How to do a System Restore

Sometimes if you get a quirkly problem with Windows the easiest way to solve it is to do a system restore.  System Restore resets all of your system files and settings back to the way they were at the point in time that the restore point was created.  

System Restore does NOT affect data files - however it will effectively uninstall any programs you installed since the restore point you're restoring back to so if you do restore to a previous restore point it's possible that you'll have to re-install an application or two.

System Restore has been available in every version of Microsoft Windows going back to Windows XP.  By default it will create a new system restore point - that's basically a snapshot of your system - once per day AND any time a new application or AutoUpdate installation occurs.  (and on a few other occasions as well)

Disk Space

System Restore requires 200MB of free disk space.  If you don't have that, it won't create any restore points.  If you happen to free up that much space System Restore will automatically start creating new restore points for you.

You don't have to worry about it filling up your drive, though, System Restore also cleans up after itself...deleting old restore points to make room for new ones.

Restoring to an Earlier Point

Restoring Windows to an earlier point in time is very easy.  Click Start | Programs (or All Programs on later versions of Windows) select "Accessories" and then "System Tools". You'll find the System Restore applet listed there.  Start it and a wizard will ask what you want to do.

The first choices are "Create a Restore Point" or "Restore to an earlier point in time".  Create a restore point is the way you can manually create a restore point - that can be handy if you know you're about to make a few changes and you want to be sure you can undo those changes in case something goes bad.
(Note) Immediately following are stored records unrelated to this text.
lemma sampled_proj_concentration:
  fixes U :: "real^'r^'n" and y :: "real^'n"
  assumes rows: "\<And>j. (\<Sum>k\<in>UNIV. (U $ j $ k)\<^sup>2) \<le> K"
    and orth: "\<And>k. orthogonal (column k U) y" and "y \<noteq> 0" and "\<delta> > 0"
  shows "measure_pmf.prob (sample_pmf m)
      {\<Omega>. (norm (sampled_proj U y m \<Omega>))\<^sup>2 \<le>
          (1 + sqrt (2 * vec_coherence y * ln (1 / \<delta>)))\<^sup>2 * (real m / real CARD('n)) * K * (norm y)\<^sup>2}
    \<ge> 1 - \<delta>"
proof -
  define M where "M = Max (range (\<lambda>j. \<bar>y $ j\<bar>))"
  define B where "B = real m / real CARD('n) * K * (norm y)\<^sup>2"
  define \<beta> where "\<beta> = sqrt (2 * vec_coherence y * ln (1 / \<delta>))"
  have K0: "0 \<le> K" using rows sum_nonneg[of UNIV "\<lambda>k. (U $ undefined $ k)\<^sup>2"] order_trans by auto
  have "real m * (\<Sum>j\<in>UNIV. (norm (weighted_row U y j))\<^sup>2) / real CARD('n)
      \<le> real m * (K * (norm y)\<^sup>2) / real CARD('n)"
    by (intro divide_right_mono mult_left_mono weighted_row_bounds(2)[OF rows]) auto
  then have second_moment: "real m * (\<Sum>j\<in>UNIV. (norm (weighted_row U y j))\<^sup>2) / real CARD('n) \<le> B"
    unfolding B_def by simp
  have "measure_pmf.prob (sample_pmf m)
      {\<Omega>. norm (\<Sum>i<m. weighted_row U y (\<Omega> i)) \<le> sqrt B + sqrt K * M * sqrt (2 * real m * ln (1 / \<delta>))}
      \<ge> 1 - \<delta>"
    unfolding M_def using sum_weighted_rows[OF orth] weighted_row_bounds(1)[OF rows]
    by (rule norm_sum_concentration[OF _ _ second_moment \<open>\<delta> > 0\<close>])
  also have "sqrt B + sqrt K * M * sqrt (2 * real m * ln (1 / \<delta>)) = (1 + \<beta>) * sqrt B"
    unfolding \<beta>_def M_def B_def deviation_eq_coherence[OF \<open>y \<noteq> 0\<close> K0] by (simp add: distrib_right)
  also have "{\<Omega>. norm (\<Sum>i<m. weighted_row U y (\<Omega> i)) \<le> (1 + \<beta>) * sqrt B}
      \<subseteq> {\<Omega>. (norm (sampled_proj U y m \<Omega>))\<^sup>2 \<le> ((1 + \<beta>) * sqrt B)\<^sup>2}"
    unfolding sampled_proj_eq_sum by (auto intro: power_mono)
  then have "measure_pmf.prob (sample_pmf m) {\<Omega>. norm (\<Sum>i<m. weighted_row U y (\<Omega> i)) \<le> (1 + \<beta>) * sqrt B}
      \<le> measure_pmf.prob (sample_pmf m) {\<Omega>. (norm (sampled_proj U y m \<Omega>))\<^sup>2 \<le> ((1 + \<beta>) * sqrt B)\<^sup>2}"
    by (rule measure_pmf.finite_measure_mono) simp
  also have "((1 + \<beta>) * sqrt B)\<^sup>2 = (1 + \<beta>)\<^sup>2 * (real m / real CARD('n)) * K * (norm y)\<^sup>2"
    unfolding B_def using K0 by (simp add: power_mult_distrib mult.assoc)
  finally show ?thesis unfolding \<beta>_def .
qed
Restore to an earlier point in time will present you with a calendar that shows you the dates you can restore back to. (available dates are bold-faced on the calendar).  Select the date you want to restore to (typically just before when the problem occurred) and it will present you with a list of the restore points available on that day (there might not be more than one).

Select it, confirm the restoral and click OK and Windows will go through the process of restoring your system back to that point.  It will probably take a few minutes and there will be a reboot involved.

If all goes well, after the reboot, you should be back to that point in time and everything should be working.  If not...repeat the process and pick an earlier date.

If you're not happy with the outcome of the restore you can actually restore...back to where you were before you restored.  Yes, one of the things System Restore does is create a restore point for the point in time before you did the system restore.  So you can undo the system restore if you like.

Note however, system restore is *NOT* a substitute for having good backups of your system.  System Restore is just going to put back drivers and settings; it does NOT protect your critical data and it's not going to fix every problem.